> TASK GOAL
Gather, from the data below, each line in which the word "rule" occurs.

> EXERCISE MATERIALS

lemma set_of_tuple_lower_staircase:
  assumes "antimono_on {1..s} i" and "\<forall>k\<in>{1..s}. i k \<le> Max (r ` A)"
  shows "set_of_tuple (replicate (n 0) (Lset A r (Max (r ` A)))
        @ concat (map (\<lambda>k. replicate (n k) (Lset A r (i k))) [1..<Suc s]))
    = {(j, a) \<in> prod_carrier (\<Sum>k=0..s. n k) A. \<forall>k\<in>{1..s}. (\<Sum>l<k. n l) < j \<longrightarrow> r a \<le> i k}"
proof -
  define t where "t = i(0 := Max (r ` A))"
  define B where "B k = (\<Sum>l<k. n l)" for k
  have map_eq: "map (\<lambda>k. replicate (n k) (Lset A r (i k))) [1..<Suc s]
      = map (\<lambda>k. replicate (n k) (Lset A r (t k))) [1..<Suc s]"
    by (intro map_cong) (auto simp: t_def)
  have list_eq: "replicate (n 0) (Lset A r (Max (r ` A)))
        @ concat (map (\<lambda>k. replicate (n k) (Lset A r (i k))) [1..<Suc s])
      = concat (map (\<lambda>k. replicate (n k) (Lset A r (t k))) [0..<Suc s])"
    unfolding map_eq by (simp add: upt_conv_Cons t_def del: upt_Suc)
  have "antimono_on {0..<Suc s} t"
    using assms unfolding t_def monotone_on_def by auto
  moreover have "mono B"
    unfolding B_def by (intro monoI sum_mono2) auto
  ultimately have blocks_iff:
    "(j, a) \<in> set_of_tuple (concat (map (\<lambda>k. replicate (n k) (Lset A r (t k))) [0..<Suc s]))
      \<longleftrightarrow> a \<in> A \<and> B 0 < j \<and> j \<le> B (Suc s) \<and> (\<forall>k\<in>{0..<Suc s}. B k < j \<longrightarrow> r a \<le> t k)"
    for j a
    unfolding mem_set_of_tuple_blocks mem_Lset atLeast0LessThan B_def[symmetric]
    using ex_block_iff_all_blocks[of B 0 "Suc s" t j "r a"] by (auto simp: atLeast0LessThan)
  have "{0..<Suc s} = insert 0 {1..s}" by auto
  then have "(\<forall>k\<in>{0..<Suc s}. B k < j \<longrightarrow> r a \<le> t k) \<longleftrightarrow> (\<forall>k\<in>{1..s}. B k < j \<longrightarrow> r a \<le> i k)"
    if "a \<in> A" for j a
    using that rank_le_Max unfolding t_def by auto
  moreover have "B 0 = 0" and "B (Suc s) = (\<Sum>k=0..s. n k)"
    unfolding B_def by (simp_all add: atLeast0AtMost lessThan_Suc_atMost)
  ultimately show ?thesis
    unfolding list_eq prod_carrier_def set_eq_iff B_def[symmetric] using blocks_iff by auto
qed

lemma set_of_tuple_upper_staircase:
  assumes "1 \<le> s" and "1 \<le> n s" and "antimono_on {1..s} i"
  shows "set_of_tuple (replicate (n 0 + 1) (Lset A r (i 1 + 1))
        @ concat (map (\<lambda>k. replicate (n (k - 1)) (Lset A r (i k + 1))) [2..<Suc s])
        @ replicate (n s - 1) (Lset A r 0))
    = {(j, a) \<in> prod_carrier (\<Sum>k=0..s. n k) A. \<exists>k\<in>{1..s}. j \<le> (\<Sum>l<k. n l) + 1 \<and> r a \<le> i k + 1}"
proof -
  define c where "c k = (if k = 1 then n 0 + 1 else n (k - 1))" for k
  define B where "B k = (\<Sum>l=1..<k. c l)" for k
  have "Lset A r 0 = {}"
    using rank_ge_1 by (force simp: mem_Lset)
  moreover have map_eq: "map (\<lambda>k. replicate (n (k - 1)) (Lset A r (i k + 1))) [2..<Suc s]
      = map (\<lambda>k. replicate (c k) (Lset A r (i k + 1))) [2..<Suc s]"
    by (intro map_cong) (auto simp: c_def)
  ultimately have list_eq: "replicate (n 0 + 1) (Lset A r (i 1 + 1))
        @ concat (map (\<lambda>k. replicate (n (k - 1)) (Lset A r (i k + 1))) [2..<Suc s])
        @ replicate (n s - 1) (Lset A r 0)
      = concat (map (\<lambda>k. replicate (c k) (Lset A r (i k + 1))) [1..<Suc s]) @ replicate (n s - 1) {}"
    using assms(1) unfolding map_eq by (simp add: upt_conv_Cons c_def numeral_2_eq_2 del: upt_Suc)
  have "antimono_on {1..<Suc s} (\<lambda>k. i k + 1)"
    using assms(3) by (auto simp: monotone_on_def)
  moreover have "mono B"
    unfolding B_def by (intro monoI sum_mono2) auto
  ultimately have blocks_iff:
    "(j, a) \<in> set_of_tuple (concat (map (\<lambda>k. replicate (c k) (Lset A r (i k + 1))) [1..<Suc s]))
      \<longleftrightarrow> a \<in> A \<and> B 1 < j \<and> (\<exists>k\<in>{1..<Suc s}. j \<le> B (Suc k) \<and> r a \<le> i k + 1)"
    for j a
    unfolding mem_set_of_tuple_blocks mem_Lset B_def[symmetric]
    using ex_block_iff_ex_upper[of B 1 "Suc s" "\<lambda>k. i k + 1" j "r a"] by auto
  have B_Suc: "B (Suc k) = (\<Sum>l<k. n l) + 1" if "1 \<le> k" for k
    using that by (induction k rule: nat_induct_at_least) (simp_all add: B_def c_def)
  have within_carrier: "j \<le> (\<Sum>k=0..s. n k)" if "k \<in> {1..s}" and "j \<le> (\<Sum>l<k. n l) + 1" for j k
    using partial_sum_less_total[of k s n] assms(2) that by auto
  moreover have "B 1 = 0" by (simp add: B_def)
  ultimately show ?thesis
    unfolding list_eq set_of_tuple_append_empty set_eq_iff prod_carrier_def
    using blocks_iff B_Suc by (auto simp: atLeastLessThanSuc_atLeastAtMost intro: within_carrier)
qed

end

theorem lemma2p5:
  fixes A :: "'a set" and le :: "'a \<Rightarrow> 'a \<Rightarrow> bool" and r :: "'a \<Rightarrow> nat"
    and d m s :: nat and n i :: "nat \<Rightarrow> nat"
  assumes "finite A" and "A \<noteq> {}"
    and "partial_order_on' A le"
    and "graded A le"
    and "is_rank_function A le r"
    and "d = Max (r ` A)"
    and "m \<ge> 1"
    and "s \<ge> 1"
    and "\<forall>k\<in>{1..s}. n k \<ge> 1"
    and "(\<Sum>k=0..s. n k) = m"
    and "\<forall>k\<in>{1..<s}. i (Suc k) < i k"
    and "i 1 < d"
  shows "frakX (prod_carrier m A) (prod_le le)
           (set_of_tuple (replicate (n 0) (Lset A r d)
              @ concat (map (\<lambda>k. replicate (n k) (Lset A r (i k))) [1..<Suc s])))
         = set_of_tuple (replicate (n 0 + 1) (Lset A r (i 1 + 1))
              @ concat (map (\<lambda>k. replicate (n (k - 1)) (Lset A r (i k + 1))) [2..<Suc s])
              @ replicate (n s - 1) (Lset A r 0))"
proof -
  interpret graded_poset A le r
    by unfold_locales (use assms in auto)
  define S where "S k = (\<Sum>l<k. n l)" for k
  have S_strict: "strict_mono_on {1..s} S"
    using assms(9) by (intro strict_mono_on_atLeastAtMost_Suc) (force simp: S_def)
  have i_strict: "strict_antimono_on {1..s} i"
    using assms(11) by (intro strict_antimono_on_atLeastAtMost_Suc) auto
  then have i_anti: "antimono_on {1..s} i"
    by (simp add: strict_antimono_iff_antimono)
  have "1 \<le> n s" using assms(8,9) by auto
  then have S_below_m: "\<forall>k\<in>{1..s}. S k < m"
    using partial_sum_less_total assms(10) unfolding S_def by auto
  have i_below_d: "\<forall>k\<in>{1..s}. i k < d"
    using monotone_onD[OF i_anti, of 1] assms(8,12) by fastforce
  have lower: "set_of_tuple (replicate (n 0) (Lset A r d)
        @ concat (map (\<lambda>k. replicate (n k) (Lset A r (i k))) [1..<Suc s]))
      = {(j, a) \<in> prod_carrier m A. \<forall>k\<in>{1..s}. S k < j \<longrightarrow> r a \<le> i k}"
    using set_of_tuple_lower_staircase[OF i_anti, of n] i_below_d
    unfolding assms(6,10) S_def by (simp add: less_imp_le)
  have upper: "set_of_tuple (replicate (n 0 + 1) (Lset A r (i 1 + 1))
        @ concat (map (\<lambda>k. replicate (n (k - 1)) (Lset A r (i k + 1))) [2..<Suc s])
        @ replicate (n s - 1) (Lset A r 0))
      = {(j, a) \<in> prod_carrier m A. \<exists>k\<in>{1..s}. j \<le> S k + 1 \<and> r a \<le> i k + 1}"
    using set_of_tuple_upper_staircase[of s n i, OF assms(8) \<open>1 \<le> n s\<close> i_anti]
    unfolding assms(10) S_def .
  show ?thesis
    unfolding lower upper
    by (rule frakX_staircase[OF S_strict i_strict S_below_m i_below_d[unfolded assms(6)]])
qed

> SOLUTION TO THIS PROBLEM
    using that by (induction k rule: nat_induct_at_least) (simp_all add: B_def c_def)
    by (rule frakX_staircase[OF S_strict i_strict S_below_m i_below_d[unfolded assms(6)]])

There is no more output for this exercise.